Mr. Snuggs, who called on the following day, expressed somewhat different sentiments.
“We’ve all got to go sometime,” he said, concealing any grief he may have felt. “I expect it was as good a way as any. Doctors nowadays keep old people living far too long. If it’s right he was paralysed, he wouldn’t have enjoyed life, would he? A misery to himself and everyone else.”
“I suppose that’s right,” said Mr. Britt.
“Person I feel most sorry for is that sister of his. She’ll have to find somewhere to live. She gave up her own house, you know, when she came to look after him, in the summer. Something wrong?”
“In the summer?” croaked Mr. Britt.
“That’s right. Have I said something I shouldn’t?”
“Do you – do you happen to remember exactly when?”
“As a matter of fact, I do. It was on Midsummer Day. Longest day of the year. I remember remarking on it to Henry. Look here, Britt, what’s all this about?”
“And she’s been living at the lodge ever since?”
“That’s right. Like I said, he needed a bit of looking after at the end.”
“And if she came on Midsummer Day, she’s been there more than six months.”
“So what?”
Mr. Britt was thumbing feverishly through the stout, olive-green book on his desk.
“It’s one of the earlier Rent Acts,” he said. “The Act of 1920. Section twelve. That’s right. Sub-section one. I’d entirely overlooked the possibility – yes.”
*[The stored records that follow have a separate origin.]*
(* Let $G=D_n\times\mathbb Z/2$, $H=D_n\times\{0\}$, and let $c_3\le c_4$ be integers with $c_3\ge2$, $c_4>2$. Suppose $f:T(2,2,c_3,c_4)\to G$ is admissible for cover type III-b, i.e. $f$ is surjective, $f(\gamma_1),f(\gamma_2)$ have order 2, $f(\gamma_3)$ has order $c_3$, $f(\gamma_4)$ has order $c_4$, the second components of $f(\gamma_1),f(\gamma_2)$ are $1$ and those of $f(\gamma_3),f(\gamma_4)$ are $0$. Then $c_3=2$ and $c_4=n$, and up to equivalence there is a unique admissible $f$, given by the Hurwitz vector $((yx,1),(e,1),(y,0),(x,0))$.
   Context: $D_n=\langle x,y\mid x^n=y^2=1,\ yxy^{-1}=x^{-1}\rangle$ with neutral element $e$; $\mathbb Z/2$ is written additively with generator $1$. $T(m_1,\dots,m_r):=\langle\gamma_1,\dots,\gamma_r\mid \gamma_1\cdots\gamma_r=1,\ \gamma_i^{m_i}=1\rangle$. The Hurwitz vector of $f$ is $(f(\gamma_1),\dots,f(\gamma_r))$. The braid group $\mathcal B_r$ acts on Hurwitz vectors by $\sigma_i:(\dots,v_i,v_{i+1},\dots)\mapsto(\dots,v_iv_{i+1}v_i^{-1},v_i,\dots)$, and $\mathrm{Aut}(G)_H$ (automorphisms of $G$ preserving $H$) acts componentwise. Two admissible $f,f'$ are equivalent if their Hurwitz vectors lie in the same $\mathcal B_r\times\mathrm{Aut}(G)_H$-orbit. *)

theory Defs
  imports "HOL-Algebra.Multiplicative_Group" "HOL-Algebra.Generated_Groups"
begin

text \<open>The element (a, s) with 0 <= a < n stands for x^a y^s (s = True means y^1).
  Multiplication: x^a y^s . x^b y^t = x^(a + (-1)^s b) y^(s+t), which is the group
  presented by x^n = y^2 = 1, y x y^-1 = x^-1.\<close>

definition dih_mult :: "nat \<Rightarrow> int \<times> bool \<Rightarrow> int \<times> bool \<Rightarrow> int \<times> bool" where
  "dih_mult n p q = ((fst p + (if snd p then - fst q else fst q)) mod int n, snd p \<noteq> snd q)"

definition Dih :: "nat \<Rightarrow> (int \<times> bool) monoid" where
  "Dih n = \<lparr> carrier = {0..<int n} \<times> (UNIV :: bool set), mult = dih_mult n, one = (0, False) \<rparr>"

definition dih_x :: "nat \<Rightarrow> int \<times> bool" where "dih_x n = (1 mod int n, False)"
definition dih_y :: "int \<times> bool" where "dih_y = (0, True)"
definition dih_e :: "int \<times> bool" where "dih_e = (0, False)"

text \<open>Z/2 written additively: False = 0, True = 1 (the generator), addition = xor.\<close>
definition Z2 :: "bool monoid" where
  "Z2 = \<lparr> carrier = UNIV, mult = (\<lambda>a b. a \<noteq> b), one = False \<rparr>"

definition GG :: "nat \<Rightarrow> ((int \<times> bool) \<times> bool) monoid" where
  "GG n = Dih n \<times>\<times> Z2"

definition HH :: "nat \<Rightarrow> ((int \<times> bool) \<times> bool) set" where
  "HH n = carrier (Dih n) \<times> {False}"

text \<open>Braid generator sigma_i (0-based index i, acting on positions i, i+1) and its inverse.\<close>
definition braid_sigma :: "('a, 'b) monoid_scheme \<Rightarrow> nat \<Rightarrow> 'a list \<Rightarrow> 'a list" where
  "braid_sigma G i v =
     v[i := v ! i \<otimes>\<^bsub>G\<^esub> v ! Suc i \<otimes>\<^bsub>G\<^esub> inv\<^bsub>G\<^esub> (v ! i), Suc i := v ! i]"

definition braid_sigma_inv :: "('a, 'b) monoid_scheme \<Rightarrow> nat \<Rightarrow> 'a list \<Rightarrow> 'a list" where
  "braid_sigma_inv G i v =
     v[i := v ! Suc i, Suc i := inv\<^bsub>G\<^esub> (v ! Suc i) \<otimes>\<^bsub>G\<^esub> v ! i \<otimes>\<^bsub>G\<^esub> v ! Suc i]"

definition Aut_pres :: "('a, 'b) monoid_scheme \<Rightarrow> 'a set \<Rightarrow> ('a \<Rightarrow> 'a) set" where
  "Aut_pres G H = {\<phi>. \<phi> \<in> iso G G \<and> \<phi> ` H = H}"

inductive hmove :: "('a, 'b) monoid_scheme \<Rightarrow> 'a set \<Rightarrow> 'a list \<Rightarrow> 'a list \<Rightarrow> bool"
  for G H where
  sigma: "Suc i < length v \<Longrightarrow> hmove G H v (braid_sigma G i v)"
| sigma_inv: "Suc i < length v \<Longrightarrow> hmove G H v (braid_sigma_inv G i v)"
| aut: "\<phi> \<in> Aut_pres G H \<Longrightarrow> hmove G H v (map \<phi> v)"

definition hurwitz_equiv :: "('a, 'b) monoid_scheme \<Rightarrow> 'a set \<Rightarrow> 'a list \<Rightarrow> 'a list \<Rightarrow> bool" where
  "hurwitz_equiv G H v w = (hmove G H)\<^sup>*\<^sup>* v w"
“Stop all this money talk,” said Mr. Snuggs, his face bright red, “and explain.”
Mr. Britt explained.
“You mean,” said Mr. Snuggs, when he had finally taken it in, “that because she’s a relative, and because she’s lived there more than six months, I can’t turn her out either.”
“That’s roughly correct.”
A gleam of hope appeared in Mr. Snuggs’ watery eyes. “Perhaps she don’t know about this old Act,” he said.
“It’s a possibility. But when I saw her coming out of Mr. Fairchild’s room this morning I remember thinking she looked remarkably cheerful.